By the way you might also be interested in bamboo, a pythonic framewok for analyzing NanoAODs based on RDataFrame.

Cheers,
Enrico

lcorcodilos · October 6, 2020, 3:15am

Hi Enrico,

Thanks for the reply.

That’s just not possible, I’m afraid. You would need RDF to expose pointers to the column values that are automatically updated during the event loop – those are internals that RDF does not expose by design.

Okay so that answers the question for me permanently (I had been wondering for the past year while making work arounds but never getting around to asking again in clearer wording).

I’m partial to the first suggestion over the second since I prefer to have the end-user interface with the RDF in as direct a way as possible (fewer black boxes and more responsibility on the user). The first suggestion is already something that I’ve setup except with a bit of a different method. I have the C++ function arguments named in the definition with the branch names that it needs. Carrying through my example, it would be

float myFunc(RVec<float> FatJet_pt) {
    return FatJet_pt[0];
}

Then I use clang in python to parse the C++, grab the function definition, and use the argument names in the definition as the arguments in the call to the function (provided those argument names are actually branch names of course ).

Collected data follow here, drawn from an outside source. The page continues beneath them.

lemma exists_balanced_bipartition:
  fixes w :: "'a \<Rightarrow> real"
  assumes "finite J" "\<And>i. i \<in> J \<Longrightarrow> 0 \<le> w i \<and> w i \<le> K" "0 \<le> K"
  shows "\<exists>A \<subseteq> J. \<bar>sum w A - sum w (J - A)\<bar> \<le> K"
  using assms
proof (induction J rule: finite_induct)
  case (insert j J)
  then obtain A where A: "A \<subseteq> J" "\<bar>sum w A - sum w (J - A)\<bar> \<le> K" by auto
  have wj: "0 \<le> w j" "w j \<le> K" using insert.prems by auto
  have "finite A" "j \<notin> A" using A(1) insert.hyps finite_subset by blast+
  show ?case
  proof (cases "sum w A \<ge> sum w (J - A)")
    case True
    have "insert j J - A = insert j (J - A)" using \<open>j \<notin> A\<close> by auto
    then have "\<bar>sum w A - sum w (insert j J - A)\<bar> \<le> K"
      using True A(2) wj insert.hyps by simp
    then show ?thesis using A(1) by blast
  next
    case False
    have "insert j J - insert j A = J - A" using A(1) insert.hyps by auto
    then have "\<bar>sum w (insert j A) - sum w (insert j J - insert j A)\<bar> \<le> K"
      using False A(2) wj \<open>finite A\<close> \<open>j \<notin> A\<close> by simp
    then show ?thesis using A(1) by (intro exI[of _ "insert j A"]) auto
  qed
qed simp

lemma exists_triangle_apex:
  fixes M a b :: real
  assumes "0 < M" "0 \<le> a" "0 \<le> b" "\<bar>a - b\<bar> \<le> M" "M \<le> a + b"
  shows "\<exists>u::complex. cmod u = a \<and> cmod (of_real M - u) = b"
proof -
  define x where "x = (M\<^sup>2 + a\<^sup>2 - b\<^sup>2) / (2 * M)"
  have "(M - a)\<^sup>2 \<le> b\<^sup>2" "b\<^sup>2 \<le> (M + a)\<^sup>2"
    using assms by (auto simp flip: abs_le_square_iff intro: power_mono)
  then have "\<bar>x\<bar> \<le> a"
    using assms(1) by (auto simp: x_def abs_le_iff field_simps power2_diff power2_sum)
  then have xa: "x\<^sup>2 \<le> a\<^sup>2"
    by (metis abs_le_square_iff abs_of_nonneg assms(2))
  define u where "u = Complex x (sqrt (a\<^sup>2 - x\<^sup>2))"
  have "(cmod u)\<^sup>2 = a\<^sup>2"
    using xa by (simp add: u_def cmod_power2)
  moreover have "2 * M * x = M\<^sup>2 + a\<^sup>2 - b\<^sup>2"
    using assms(1) by (simp add: x_def)
  then have "(cmod (of_real M - u))\<^sup>2 = b\<^sup>2"
    using xa by (simp add: u_def cmod_power2 power2_diff)
  ultimately show ?thesis
    using assms(2,3) by (metis norm_ge_zero power2_eq_iff_nonneg)
qed

lemma norm_scaleR_sgn: "norm x *\<^sub>R sgn x = x"
  for x :: "'a::real_normed_vector"
  by (cases "x = 0") (simp_all add: sgn_div_norm)

text \<open>All sides in \<open>A\<close> point one way and all sides in \<open>B\<close> another, so the polygon is
  really a triangle with side lengths \<open>w m\<close>, \<open>\<Sum>A\<close> and \<open>\<Sum>B\<close>.\<close>

lemma exists_balanced_unit_vectors_triangle:
  fixes w :: "'a \<Rightarrow> real"
  assumes "finite A" "finite B" "A \<inter> B = {}" "m \<notin> A \<union> B"
    and pos: "\<And>i. i \<in> insert m (A \<union> B) \<Longrightarrow> 0 < w i"
    and "\<bar>sum w A - sum w B\<bar> \<le> w m" "w m \<le> sum w A + sum w B"
  shows "\<exists>z. (\<forall>i\<in>insert m (A \<union> B). cmod (z i) = 1) \<and> (\<Sum>i\<in>insert m (A \<union> B). w i *\<^sub>R z i) = 0"
proof -
  have sum_pos: "0 < sum w C" if "i \<in> C" "C \<in> {A, B}" for i C
    using that assms(1,2) pos by (intro sum_pos2[of C i]) (auto intro: less_imp_le)
  have "0 \<le> sum w A" "0 \<le> sum w B"
    using pos[THEN less_imp_le] by (simp_all add: sum_nonneg)
  then obtain u where u: "cmod u = sum w A" "cmod (of_real (w m) - u) = sum w B"
    using exists_triangle_apex[of "w m" "sum w A" "sum w B"] pos assms(6,7) by auto
  define z where "z i = (if i = m then -1 else if i \<in> A then sgn u else sgn (of_real (w m) - u))" for i
  have "cmod (z i) = 1" if i: "i \<in> insert m (A \<union> B)" for i
  proof -
    consider "i = m" | "i \<noteq> m" "i \<in> A" | "i \<noteq> m" "i \<notin> A" "i \<in> B"
      using i by auto
    then show ?thesis
    proof cases
      case 2
      then have "u \<noteq> 0" using sum_pos[of i A] u(1) by auto
      then show ?thesis using 2 by (simp add: z_def norm_sgn)
    next
      case 3
      then have "of_real (w m) - u \<noteq> 0" using sum_pos[of i B] u(2) by auto
      then show ?thesis using 3 by (simp add: z_def norm_sgn)
    qed (simp add: z_def)
  qed
  moreover have "(\<Sum>i\<in>insert m (A \<union> B). w i *\<^sub>R z i) = 0"
  proof -
    have "(\<Sum>i\<in>A. w i *\<^sub>R z i) = sum w A *\<^sub>R sgn u"
      using assms(4) by (auto simp: scaleR_sum_left z_def intro!: sum.cong)
    moreover have "(\<Sum>i\<in>B. w i *\<^sub>R z i) = sum w B *\<^sub>R sgn (of_real (w m) - u)"
      using assms(3,4) by (auto simp: scaleR_sum_left z_def intro!: sum.cong)
    ultimately show ?thesis
      using assms(1-4) unfolding u[symmetric] norm_scaleR_sgn
      by (simp add: sum.union_disjoint z_def scaleR_conv_of_real)
  qed
  ultimately show ?thesis by blast
qed

text \<open>The sides other than a longest one \<open>m\<close> are split into two groups whose total lengths
  differ by at most \<open>w m\<close>; together with the polygon inequality this gives a triangle.\<close>

lemma exists_balanced_unit_vectors:
  fixes w :: "'a \<Rightarrow> real"
  assumes "finite J" and pos: "\<And>i. i \<in> J \<Longrightarrow> 0 < w i"
    and polygon: "\<And>i. i \<in> J \<Longrightarrow> 2 * w i \<le> sum w J"
  shows "\<exists>z. (\<forall>i\<in>J. cmod (z i) = 1) \<and> (\<Sum>i\<in>J. w i *\<^sub>R z i) = 0"
proof (cases "J = {}")
  case False
  have "Max (w ` J) \<in> w ` J"
    using \<open>finite J\<close> False by simp
  then obtain m where "m \<in> J" "w m = Max (w ` J)"
    by (metis imageE)
  then have m: "m \<in> J" "\<And>i. i \<in> J \<Longrightarrow> w i \<le> w m"
    using \<open>finite J\<close> by auto
  obtain A where A: "A \<subseteq> J - {m}" "\<bar>sum w A - sum w (J - {m} - A)\<bar> \<le> w m"
    using exists_balanced_bipartition[of "J - {m}" w "w m"] \<open>finite J\<close> pos[THEN less_imp_le] m
    by blast
  define B where "B = J - {m} - A"
  have J: "J = insert m (A \<union> B)" "m \<notin> A \<union> B" "A \<inter> B = {}" "finite A" "finite B"
    using A(1) m(1) \<open>finite J\<close> by (auto simp: B_def intro: finite_subset)
  moreover have "w m \<le> sum w A + sum w B"
    using polygon[OF m(1)] J by (simp add: sum.union_disjoint)
  ultimately show ?thesis
    using exists_balanced_unit_vectors_triangle[of A B m w] pos A(2) by (simp add: B_def)
qed simp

Thanks for sending bamboo. On first glance, there are some things I like and some that I don’t but I’ll definitely be taking a better look at it to compare against my own (TIMBER for the record - which I find sort of funny relative to “bamboo”). It certainly has more mature documentation!

Thanks,
Lucas

system · October 20, 2020, 3:16am

This topic was automatically closed 14 days after the last reply. New replies are no longer allowed.